- **WHAT NEEDS TO BE DONE**
Examine each line of the data. Copy the line if it includes the word "upper".
--- SUPPLIED ENTRIES ---
lemma map_fst_in_tuples: "zs \<in> tuples (X \<times> Y) n \<Longrightarrow> map fst zs \<in> tuples X n"
  and map_snd_in_tuples: "zs \<in> tuples (X \<times> Y) n \<Longrightarrow> map snd zs \<in> tuples Y n"
  by (auto simp: tuples_def)

lemma barycentric_in_tuples:
  "is_mean X n f \<Longrightarrow> xs \<in> tuples X (Suc n) \<Longrightarrow> barycentric f xs \<in> tuples X (Suc n)"
  by (rule tuplesI) (auto simp: tuplesD is_mean_def remove_nth_in_tuples)

lemma funpow_barycentric_in_tuples:
  "is_mean X n f \<Longrightarrow> xs \<in> tuples X (Suc n) \<Longrightarrow> (barycentric f ^^ m) xs \<in> tuples X (Suc n)"
  by (induction m) (auto intro: barycentric_in_tuples)

lemma barycentric_replicate:
  assumes "is_mean X n f" "x \<in> X"
  shows "barycentric f (replicate (Suc n) x) = replicate (Suc n) x"
  using assms by (intro nth_equalityI) (auto simp: is_mean_def remove_nth_replicate simp del: replicate_Suc)

lemma funpow_barycentric_replicate:
  "is_mean X n f \<Longrightarrow> x \<in> X \<Longrightarrow> (barycentric f ^^ m) (replicate (Suc n) x) = replicate (Suc n) x"
  by (induction m) (simp_all add: barycentric_replicate del: replicate_Suc)

lemma funpow_barycentric_cong:
  assumes "is_mean X n f" "\<forall>xs\<in>tuples X n. f xs = g xs" "xs \<in> tuples X (Suc n)"
  shows "(barycentric f ^^ m) xs = (barycentric g ^^ m) xs"
proof (induction m)
  case (Suc m)
  have "(barycentric f ^^ m) xs \<in> tuples X (Suc n)"
    using assms by (intro funpow_barycentric_in_tuples)
  then show ?case
    using Suc assms(2) by (auto simp: barycentric_def tuplesD intro!: remove_nth_in_tuples)
qed simp

lemma le_Max_coords: "j < n \<Longrightarrow> f j \<le> Max {f j | j. j < (n::nat)}"
  by (rule Max_ge) auto

lemma Max_coords_le_iff: "0 < n \<Longrightarrow> Max {f j | j. j < (n::nat)} \<le> c \<longleftrightarrow> (\<forall>j<n. f j \<le> c)"
  by (subst Max_le_iff) auto

lemma nonexpansive_meanI:
  assumes "\<And>xs ys c. xs \<in> tuples X n \<Longrightarrow> ys \<in> tuples X n \<Longrightarrow> \<forall>j<n. d (xs!j) (ys!j) \<le> c
    \<Longrightarrow> d (f xs) (f ys) \<le> c"
  shows "nonexpansive_mean X d n f"
  unfolding nonexpansive_mean_def
proof (intro ballI)
  fix xs ys
  assume "xs \<in> tuples X n" "ys \<in> tuples X n"
  then show "d (f xs) (f ys) \<le> Max {d (xs!j) (ys!j) | j. j < n}"
    by (rule assms) (use le_Max_coords[of _ n "\<lambda>j. d (xs!j) (ys!j)"] in auto)
qed

lemma nonexpansive_meanD:
  assumes "nonexpansive_mean X d n f" "0 < n" "xs \<in> tuples X n" "ys \<in> tuples X n"
    "\<forall>j<n. d (xs!j) (ys!j) \<le> c"
  shows "d (f xs) (f ys) \<le> c"
proof -
  have "d (f xs) (f ys) \<le> Max {d (xs!j) (ys!j) | j. j < n}"
    using assms(1,3,4) unfolding nonexpansive_mean_def by simp
  also have "\<dots> \<le> c"
    using assms(2,5) by (simp add: Max_coords_le_iff)
  finally show ?thesis .
qed

lemma coord_contractiveD:
  assumes "coord_contractive X d n \<rho> f" "xs \<in> tuples X n" "ys \<in> tuples X n" "j < n"
    "\<forall>i<n. i \<noteq> j \<longrightarrow> xs!i = ys!i"
  shows "d (f xs) (f ys) \<le> \<rho> * d (xs!j) (ys!j)"
  using assms(1) unfolding coord_contractive_def using assms(2-5) by simp

lemma continuous_mean_if_nonexpansive:
  assumes "nonexpansive_mean X d n f" "0 < n"
  shows "continuous_mean X d n f"
  unfolding continuous_mean_def
proof (intro ballI allI impI)
  fix xs e assume xs: "xs \<in> tuples X n" and e: "(e::real) > 0"
  have "d (f xs) (f ys) < e" if "ys \<in> tuples X n" "\<forall>i<n. d (xs!i) (ys!i) < e / 2" for ys
    using nonexpansive_meanD[OF assms xs that(1), of "e / 2"] that(2) e by fastforce
  with e show "\<exists>\<delta>>0. \<forall>ys\<in>tuples X n. (\<forall>i<n. d (xs!i) (ys!i) < \<delta>) \<longrightarrow> d (f xs) (f ys) < e"
    by (intro exI[of _ "e / 2"]) auto
qed

lemma is_mean_restrict [simp]: "is_mean X n (restrict f (tuples X n)) \<longleftrightarrow> is_mean X n f"
  by (auto simp: is_mean_def replicate_in_tuples)

lemma continuous_mean_restrict [simp]:
  "continuous_mean X d n (restrict f (tuples X n)) \<longleftrightarrow> continuous_mean X d n f"
  by (simp add: continuous_mean_def)

section \<open>Sequences in metric spaces\<close>

context Metric_space
begin

lemma dist_le_sum_dist_Suc:
  assumes in_M: "\<And>l. l \<le> k \<Longrightarrow> f l \<in> M" and "i \<le> k" "j \<le> k"
  shows "d (f i) (f j) \<le> (\<Sum>l<k. d (f l) (f (Suc l)))"
proof -
  have chain: "d (f i) (f j) \<le> (\<Sum>l\<in>{i..<j}. d (f l) (f (Suc l)))" if "i \<le> j" "j \<le> k" for i j
    using that
  proof (induction j)
    case 0
    then show ?case using in_M by simp
  next
    case (Suc j)
    show ?case
    proof (cases "i = Suc j")
      case True
      then show ?thesis using in_M Suc.prems by simp
    next
      case False
      then have "i \<le> j" using Suc.prems by simp
      have "d (f i) (f (Suc j)) \<le> d (f i) (f j) + d (f j) (f (Suc j))"
        using in_M Suc.prems by (intro triangle) auto
      also have "\<dots> \<le> (\<Sum>l\<in>{i..<j}. d (f l) (f (Suc l))) + d (f j) (f (Suc j))"
        using Suc.IH \<open>i \<le> j\<close> Suc.prems by simp
      also have "\<dots> = (\<Sum>l\<in>{i..<Suc j}. d (f l) (f (Suc l)))"
        using \<open>i \<le> j\<close> by simp
      finally show ?thesis .
    qed
  qed
  have sub: "(\<Sum>l\<in>{i..<j}. d (f l) (f (Suc l))) \<le> (\<Sum>l<k. d (f l) (f (Suc l)))" if "j \<le> k" for i j
    using that by (intro sum_mono2) auto
  show ?thesis
  proof (cases "i \<le> j")
    case True
    then show ?thesis using chain[of i j] sub[of j i] assms by linarith
  next
    case False
    then show ?thesis using chain[of j i] sub[of i j] assms commute[of "f i" "f j"] by simp
  qed
qed

lemma dist_le_geometric_tail:
  assumes range: "range x \<subseteq> M" and step: "\<And>n. d (x n) (x (Suc n)) \<le> C * r ^ n"
    and r: "0 \<le> r" "r < 1" and "m \<le> n"
  shows "d (x m) (x n) \<le> C / (1 - r) * r ^ m"
proof -
  have x_in_M [simp]: "x n \<in> M" for n using range by auto
  have "0 \<le> C" using order_trans[OF nonneg step[of 0]] by simp
  have "d (x m) (x n) \<le> C / (1 - r) * (r ^ m - r ^ n)"
    using \<open>m \<le> n\<close>
  proof (induction n)
    case (Suc n)
    show ?case
    proof (cases "m = Suc n")
      case False
      then have "m \<le> n" using Suc.prems by simp
      have "d (x m) (x (Suc n)) \<le> d (x m) (x n) + d (x n) (x (Suc n))"
        by (intro triangle) auto
      also have "\<dots> \<le> C / (1 - r) * (r ^ m - r ^ n) + C * r ^ n"
        using Suc.IH \<open>m \<le> n\<close> step by (intro add_mono) auto
      also have "\<dots> = C / (1 - r) * (r ^ m - r ^ Suc n)"
        using r by (simp add: field_simps)
      finally show ?thesis .
    qed simp
  qed simp
  also have "\<dots> \<le> C / (1 - r) * r ^ m"
    using \<open>0 \<le> C\<close> r by (intro mult_left_mono) auto
  finally show ?thesis .
qed

lemma MCauchy_if_dist_Suc_le_geometric:
  assumes range: "range x \<subseteq> M" and step: "\<And>n. d (x n) (x (Suc n)) \<le> C * r ^ n"
    and r: "0 \<le> r" "r < 1"
  shows "MCauchy x"
  unfolding MCauchy_def
proof (intro conjI range allI impI)
  fix e :: real
  assume "0 < e"
  have "0 \<le> C" using order_trans[OF nonneg step[of 0]] by simp
  have "(\<lambda>n. C / (1 - r) * r ^ n) \<longlonglongrightarrow> 0"
    using r by (intro tendsto_mult_right_zero LIMSEQ_power_zero) auto
  then have "\<forall>\<^sub>F n in sequentially. C / (1 - r) * r ^ n < e"
    using \<open>0 < e\<close> by (rule order_tendstoD(2))
  then obtain N where N: "C / (1 - r) * r ^ N < e"
    by (auto simp: eventually_sequentially)
  have close: "d (x m) (x n) < e" if "N \<le> m" "m \<le> n" for m n
  proof -
    have "C / (1 - r) * r ^ m \<le> C / (1 - r) * r ^ N"
      using \<open>0 \<le> C\<close> r that by (intro mult_left_mono power_decreasing) auto
    then show ?thesis
      using dist_le_geometric_tail[OF range step r that(2)] N by linarith
  qed
  show "\<exists>N. \<forall>m n. N \<le> m \<longrightarrow> N \<le> n \<longrightarrow> d (x m) (x n) < e"
  proof (intro exI allI impI)
    fix m n
    assume "N \<le> m" "N \<le> n"
    then show "d (x m) (x n) < e"
      using close[of m n] close[of n m] commute[of "x m" "x n"] by (cases "m \<le> n") auto
  qed
qed

lemma limitin_dist_le:
  assumes lim: "limitin mtopology a l sequentially" "limitin mtopology b l' sequentially"
    and bound: "\<And>n. d (a n) (b n) \<le> c"
  shows "d l l' \<le> c"
proof -
  have "l \<in> M" "l' \<in> M" and in_M: "\<forall>\<^sub>F n in sequentially. a n \<in> M \<and> b n \<in> M"
    and null: "(\<lambda>n. d (a n) l) \<longlonglongrightarrow> 0" "(\<lambda>n. d (b n) l') \<longlonglongrightarrow> 0"
    using lim by (auto simp: limitin_metric_dist_null eventually_conj_iff)
  have upper: "(\<lambda>n. c + (d (a n) l + d (b n) l')) \<longlonglongrightarrow> c + (0 + 0)"
    by (intro tendsto_intros null)
  have "\<forall>\<^sub>F n in sequentially. d l l' \<le> c + (d (a n) l + d (b n) l')"
    using in_M
  proof (rule eventually_mono)
    fix n
    assume "a n \<in> M \<and> b n \<in> M"
    then have "d l l' \<le> d l (a n) + d (a n) l'" "d (a n) l' \<le> d (a n) (b n) + d (b n) l'"
      using \<open>l \<in> M\<close> \<open>l' \<in> M\<close> by (auto intro: triangle)
    then show "d l l' \<le> c + (d (a n) l + d (b n) l')"
      using bound[of n] commute[of l "a n"] by linarith
  qed
  from tendsto_le[OF trivial_limit_sequentially upper tendsto_const this] show ?thesis
    by simp
qed

end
---
- **RESPONSE AREA**
  have upper: "(\<lambda>n. c + (d (a n) l + d (b n) l')) \<longlonglongrightarrow> c + (0 + 0)"
  from tendsto_le[OF trivial_limit_sequentially upper tendsto_const this] show ?thesis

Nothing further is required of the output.